Task brief: Please copy exactly the lines that run from the start of the entries to the line containing "(w::(real^'p) \<times> (real^'n)).", inclusive.
..............................
theorem proposition3:
  fixes f :: "real^'n \<Rightarrow> real^'n"
    and f' :: "real^'n \<Rightarrow> ((real^'n) \<Rightarrow>\<^sub>L (real^'n))"
    and B :: "real^'m^'n" and C :: "real^'n^'p" and D :: "real^'m^'p" and L :: "real^'p^'n"
    and \<kappa> :: "real^'n \<Rightarrow> real^'m" and l\<kappa> :: real
    and \<omega> :: "real \<Rightarrow> real^'n" and \<nu> :: "real \<Rightarrow> real^'p" and \<omega>b \<nu>b :: real
    and T \<sigma> :: real
    and x xh :: "real \<Rightarrow> real^'n"
    and u :: "real \<Rightarrow> real^'m" and y yh ym :: "real \<Rightarrow> real^'p"
  assumes f_C1: "\<forall>z. (f has_derivative blinfun_apply (f' z)) (at z)" "continuous_on UNIV f'"
    and \<kappa>_lip: "\<forall>a b. norm (\<kappa> a - \<kappa> b) \<le> l\<kappa> * norm (a - b)"
    and \<omega>_int: "\<forall>t\<ge>0. \<omega> absolutely_integrable_on {0..t}"
    and \<nu>_int: "\<forall>t\<ge>0. \<nu> absolutely_integrable_on {0..t}"
    and noise_pos: "\<omega>b > 0" "\<nu>b > 0"
    and \<omega>_bd: "\<forall>t\<ge>0. norm (\<omega> t) \<le> \<omega>b"
    and \<nu>_bd: "\<forall>t\<ge>0. norm (\<nu> t) \<le> \<nu>b"
    \<comment> \<open>Assumption 1: error dynamics ISS w.r.t. (nu, omega) uniformly in x\<close>
    and ass1_err: "ISS_unif (\<lambda>(xs::real^'n) (e::real^'n) (w::(real^'p) \<times> (real^'n)).
                      f xs - f (xs - e) + snd w - L *v (C *v e + fst w))"
    \<comment> \<open>Assumption 1: closed-loop plant deltaISS w.r.t. (x tilde, v, omega)\<close>
    and ass1_plant: "dISS (\<lambda>(xs::real^'n) (w::(real^'n) \<times> (real^'m) \<times> (real^'n)).
                      f xs + B *v (\<kappa> (xs - fst w) + fst (snd w)) + snd (snd w))"
    \<comment> \<open>attacked observer deltaISS w.r.t. input y^a and state xh\<close>
    and att_dISS: "dISS (\<lambda>(z::real^'n) (ya::real^'p).
                      f z + B *v \<kappa> z - L *v (C *v z + D *v \<kappa> z) + L *v ya)"
    and T_pos: "T > 0" and \<sigma>_pos: "\<sigma> > 0" and \<sigma>_le: "\<sigma> \<le> T"
    \<comment> \<open>controller with v = 0, plant output, observer output\<close>
    and u_def: "\<forall>t. u t = \<kappa> (xh t)"
    and y_def: "\<forall>t. y t = C *v x t + D *v u t + \<nu> t"
    and yh_def: "\<forall>t. yh t = C *v xh t + D *v u t"
    \<comment> \<open>measurement received by the observer: true one before T, replayed on [T,2T)\<close>
    and ym_def: "\<forall>t. ym t = (if t < T then y t else y (t - T))"
    \<comment> \<open>plant trajectory on [0,2T)\<close>
    and plant: "\<forall>t\<in>{0..<2*T}. (\<lambda>s. f (x s) + B *v u s + \<omega> s) absolutely_integrable_on {0..t} \<and>
                  x t = x 0 + integral {0..t} (\<lambda>s. f (x s) + B *v u s + \<omega> s)"
    \<comment> \<open>observer trajectory driven by the received measurement on [0,2T)\<close>
    and observer: "\<forall>t\<in>{0..<2*T}. (\<lambda>s. f (xh s) + B *v u s + L *v (ym s - yh s)) absolutely_integrable_on {0..t} \<and>
                  xh t = xh 0 + integral {0..t} (\<lambda>s. f (xh s) + B *v u s + L *v (ym s - yh s))"
  shows "\<exists>\<beta>b. class_KL \<beta>b \<and>
    (\<forall>t\<in>{T..<T+\<sigma>}. monitor \<sigma> (\<lambda>s. ym s - yh s) t \<le>
        (1/\<sigma>) * integral {t-\<sigma>..T} (\<lambda>s. (norm (y s - yh s))\<^sup>2)
      + (1/\<sigma>) * integral {T..t} (\<lambda>s. (norm (y (s-T) - yh (s-T)))\<^sup>2)
      + \<beta>b (norm (xh T - xh 0)) t) \<and>
    (\<forall>t\<in>{T+\<sigma>..<2*T}. monitor \<sigma> (\<lambda>s. ym s - yh s) t \<le>
        (1/\<sigma>) * integral {t-\<sigma>..t} (\<lambda>s. (norm (y (s-T) - yh (s-T)))\<^sup>2)
      + \<beta>b (norm (xh T - xh 0)) t)"
proof -
  interpret replay_attack f B C D L \<kappa> l\<kappa> \<omega> \<nu> \<nu>b T x xh u y yh ym
    by unfold_locales (fact \<kappa>_lip \<nu>_int \<nu>_bd att_dISS T_pos u_def y_def yh_def ym_def plant observer)+
  obtain M where M: "\<And>s. s \<in> {0..T} \<Longrightarrow> norm (y s - yh s) \<le> M"
    using innovation_bounded unfolding bounded_iff by blast
  obtain Q where Q: "0 \<le> Q" "xh T = xh 0 \<Longrightarrow> Q = 0"
    "\<And>s. s \<in> {T..<2 * T} \<Longrightarrow> (norm (ym s - yh s))\<^sup>2 \<le> (norm (y (s - T) - yh (s - T)))\<^sup>2 + Q"
    using innovation_replay_bound by blast
  interpret replayed_signal "\<lambda>s. y s - yh s" "\<lambda>s. ym s - yh s" T M Q
    by unfold_locales (fact innovation_integrable M replayed_innovation_integrable
        received_innovation_before_attack Q)+
  obtain \<beta>b where "class_KL \<beta>b" and Q_le: "\<And>t. t \<le> 2 * T \<Longrightarrow> Q \<le> \<beta>b (norm (xh T - xh 0)) t"
    using class_KL_dominates_const[of Q "norm (xh T - xh 0)" "2 * T"] Q(1,2) by auto
  note transition = order_trans[OF monitor_transition_le[OF \<sigma>_pos \<sigma>_le] add_left_mono[OF Q_le]]
    and replayed = order_trans[OF monitor_replayed_le[OF \<sigma>_pos] add_left_mono[OF Q_le]]
  show ?thesis
    using transition replayed \<sigma>_le \<open>class_KL \<beta>b\<close> by (intro exI[of _ \<beta>b]) force
qed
..............................
Task solution:
theorem proposition3:
  fixes f :: "real^'n \<Rightarrow> real^'n"
    and f' :: "real^'n \<Rightarrow> ((real^'n) \<Rightarrow>\<^sub>L (real^'n))"
    and B :: "real^'m^'n" and C :: "real^'n^'p" and D :: "real^'m^'p" and L :: "real^'p^'n"
    and \<kappa> :: "real^'n \<Rightarrow> real^'m" and l\<kappa> :: real
    and \<omega> :: "real \<Rightarrow> real^'n" and \<nu> :: "real \<Rightarrow> real^'p" and \<omega>b \<nu>b :: real
    and T \<sigma> :: real
    and x xh :: "real \<Rightarrow> real^'n"
    and u :: "real \<Rightarrow> real^'m" and y yh ym :: "real \<Rightarrow> real^'p"
  assumes f_C1: "\<forall>z. (f has_derivative blinfun_apply (f' z)) (at z)" "continuous_on UNIV f'"
    and \<kappa>_lip: "\<forall>a b. norm (\<kappa> a - \<kappa> b) \<le> l\<kappa> * norm (a - b)"
    and \<omega>_int: "\<forall>t\<ge>0. \<omega> absolutely_integrable_on {0..t}"
    and \<nu>_int: "\<forall>t\<ge>0. \<nu> absolutely_integrable_on {0..t}"
    and noise_pos: "\<omega>b > 0" "\<nu>b > 0"
    and \<omega>_bd: "\<forall>t\<ge>0. norm (\<omega> t) \<le> \<omega>b"
    and \<nu>_bd: "\<forall>t\<ge>0. norm (\<nu> t) \<le> \<nu>b"
    \<comment> \<open>Assumption 1: error dynamics ISS w.r.t. (nu, omega) uniformly in x\<close>
    and ass1_err: "ISS_unif (\<lambda>(xs::real^'n) (e::real^'n) (w::(real^'p) \<times> (real^'n)).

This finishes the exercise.